- TO DO -
Repeat exactly, and only, the lines of the entries below from the one with "complex) \<Rightarrow> complex" through the one with "For \<open>g(z) = z/(1", both ends included.
┄┄┄┄┄┄┄┄┄┄
(* Let $\nu_0\approx 19.6203$ be the positive root of the equation $\sqrt{\pi}\,\Gamma(\nu+3/2) = 8\,\Gamma(\nu+1)$, and let $\nu\ge\nu_0$. Let $$\mathcal{B}_{\nu}(z)= \sum_{n=0}^\infty \frac{ \Gamma(\nu+1)\,\Gamma\!\left(\frac{n+1}{2}\right)}{\sqrt{\pi}\, n!\, \Gamma\!\left(\frac{n}{2}+\nu+1\right)}\, z^n ,\qquad z\in\mathbb{D}=\{z\in\mathbb{C}:|z|<1\}.$$ Then the function $f(z)=z\mathcal{B}_\nu(z)$ is close-to-convex with respect to the starlike function $g(z)=z/(1-z^2)$.
   Context: $\mathcal{B}_\nu$ is the Bessel–Struve kernel function; $f(z)=z\mathcal{B}_\nu(z)$ satisfies $f(0)=0$, $f'(0)=1$. Given a starlike function $g$ (univalent in $\mathbb{D}$ with $g(\mathbb{D})$ starlike with respect to $0$), an analytic $f$ on $\mathbb{D}$ with $f(0)=0$, $f'(0)=1$ is close-to-convex with respect to $g$ if there exists a real $\beta$ such that $\operatorname{Re}\left(e^{i\beta}\, z f'(z)/g(z)\right)>0$ for all $z\in\mathbb{D}$. *)

theory Defs
  imports "HOL-Complex_Analysis.Complex_Analysis"
begin

abbreviation unit_disc :: "complex set" where
  "unit_disc \<equiv> ball 0 1"

definition bs_coeff :: "real \<Rightarrow> nat \<Rightarrow> real" where
  "bs_coeff \<nu> n = Gamma (\<nu> + 1) * Gamma ((real n + 1) / 2)
      / (sqrt pi * fact n * Gamma (real n / 2 + \<nu> + 1))"

definition bessel_struve_kernel :: "real \<Rightarrow> complex \<Rightarrow> complex" where
  "bessel_struve_kernel \<nu> z = (\<Sum>n. complex_of_real (bs_coeff \<nu> n) * z ^ n)"

definition starlike_fun :: "(complex \<Rightarrow> complex) \<Rightarrow> bool" where
  "starlike_fun g \<longleftrightarrow>
     g holomorphic_on unit_disc \<and> inj_on g unit_disc \<and> g 0 = 0 \<and>
     (\<forall>w \<in> g ` unit_disc. closed_segment 0 w \<subseteq> g ` unit_disc)"

text \<open>The quotient z f'(z)/g(z), extended to z = 0 by its limit f'(0)/g'(0).\<close>
definition ctc_quotient :: "(complex \<Rightarrow> complex) \<Rightarrow> (complex \<Rightarrow> complex) \<Rightarrow> complex \<Rightarrow> complex" where
  "ctc_quotient f g z = (if z = 0 then deriv f 0 / deriv g 0 else z * deriv f z / g z)"

definition close_to_convex_wrt :: "(complex \<Rightarrow> complex) \<Rightarrow> (complex \<Rightarrow> complex) \<Rightarrow> bool" where
  "close_to_convex_wrt f g \<longleftrightarrow>
     starlike_fun g \<and> f holomorphic_on unit_disc \<and> f 0 = 0 \<and> deriv f 0 = 1 \<and>
     (\<exists>\<beta>::real. \<forall>z \<in> unit_disc. Re (cis \<beta> * ctc_quotient f g z) > 0)"

end

theory Submission
  imports Defs
begin

text \<open>
  Log-convexity of \<open>\<Gamma>\<close> gives \<open>\<Gamma>(x + 1/2)\<^sup>2 \<le> x \<Gamma>(x)\<^sup>2\<close>, which forces \<open>\<nu>\<^sub>0 \<ge> 19\<close>.
  For \<open>g(z) = z/(1 - z\<^sup>2)\<close> and \<open>f(z) = \<Sum> b\<^sub>n z\<^sup>n\<^sup>+\<^sup>1\<close> the quotient \<open>z f'(z)/g(z)\<close> is
  \<open>\<Sum> (n+1) b\<^sub>n z\<^sup>n (1 - z\<^sup>2)\<close>, and on the closed disc
  \<open>Re (z\<^sup>n (1 - z\<^sup>2)) \<ge> -(n+1) Re (1 - z\<^sup>2)\<close> (write \<open>z = r e\<^sup>i\<^sup>t\<close> and use \<open>|sin (n+1)t| \<le> (n+1) |sin t|\<close>).
  Hence the real part of the quotient is at least \<open>(2 b\<^sub>0 - \<Sum> (n+1)\<^sup>2 b\<^sub>n) Re (1 - z\<^sup>2)\<close>, which is
  positive because the recursion \<open>b\<^sub>n\<^sub>+\<^sub>2 = b\<^sub>n / ((n+2)(n+2+2\<nu>))\<close> makes \<open>(n+1)\<^sup>2 b\<^sub>n \<le> (12/5) 4\<^sup>-\<^sup>n\<close>
  for \<open>n \<ge> 1\<close>. Starlikeness of \<open>g\<close>: \<open>g(u) = w\<close> means \<open>u\<^sup>2 + u/w = 1\<close>, whose roots have
  product \<open>-1\<close>, so one of them lies in the disc unless both lie on the circle, which happens only
  for imaginary \<open>w\<close> of modulus at least \<open>1/2\<close>, never of the form \<open>t g(z)\<close> with \<open>|z| < 1\<close>, \<open>0 < t \<le> 1\<close>.
\<close>

lemma abs_sin_of_nat_mult_le: "\<bar>sin (real n * x)\<bar> \<le> real n * \<bar>sin x\<bar>"
proof (induction n)
  case 0 then show ?case by simp
next
  case (Suc n)
  have "\<bar>sin (real (Suc n) * x)\<bar> = \<bar>sin (real n * x + x)\<bar>" by (simp add: algebra_simps)
  also have "\<dots> = \<bar>sin (real n * x) * cos x + cos (real n * x) * sin x\<bar>" by (simp only: sin_add)
  also have "\<dots> \<le> \<bar>sin (real n * x)\<bar> + \<bar>sin x\<bar>"
    by (rule order_trans[OF abs_triangle_ineq add_mono])
       (auto simp: abs_mult intro: mult_left_le mult_left_le_one_le)
  also have "\<dots> \<le> real (Suc n) * \<bar>sin x\<bar>" using Suc by (simp add: algebra_simps)
  finally show ?case .
qed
┄┄┄┄┄┄┄┄┄┄
- REPLY TO THE EXERCISE -
definition ctc_quotient :: "(complex \<Rightarrow> complex) \<Rightarrow> (complex \<Rightarrow> complex) \<Rightarrow> complex \<Rightarrow> complex" where
  "ctc_quotient f g z = (if z = 0 then deriv f 0 / deriv g 0 else z * deriv f z / g z)"

definition close_to_convex_wrt :: "(complex \<Rightarrow> complex) \<Rightarrow> (complex \<Rightarrow> complex) \<Rightarrow> bool" where
  "close_to_convex_wrt f g \<longleftrightarrow>
     starlike_fun g \<and> f holomorphic_on unit_disc \<and> f 0 = 0 \<and> deriv f 0 = 1 \<and>
     (\<exists>\<beta>::real. \<forall>z \<in> unit_disc. Re (cis \<beta> * ctc_quotient f g z) > 0)"

end

theory Submission
  imports Defs
begin

text \<open>
  Log-convexity of \<open>\<Gamma>\<close> gives \<open>\<Gamma>(x + 1/2)\<^sup>2 \<le> x \<Gamma>(x)\<^sup>2\<close>, which forces \<open>\<nu>\<^sub>0 \<ge> 19\<close>.
  For \<open>g(z) = z/(1 - z\<^sup>2)\<close> and \<open>f(z) = \<Sum> b\<^sub>n z\<^sup>n\<^sup>+\<^sup>1\<close> the quotient \<open>z f'(z)/g(z)\<close> is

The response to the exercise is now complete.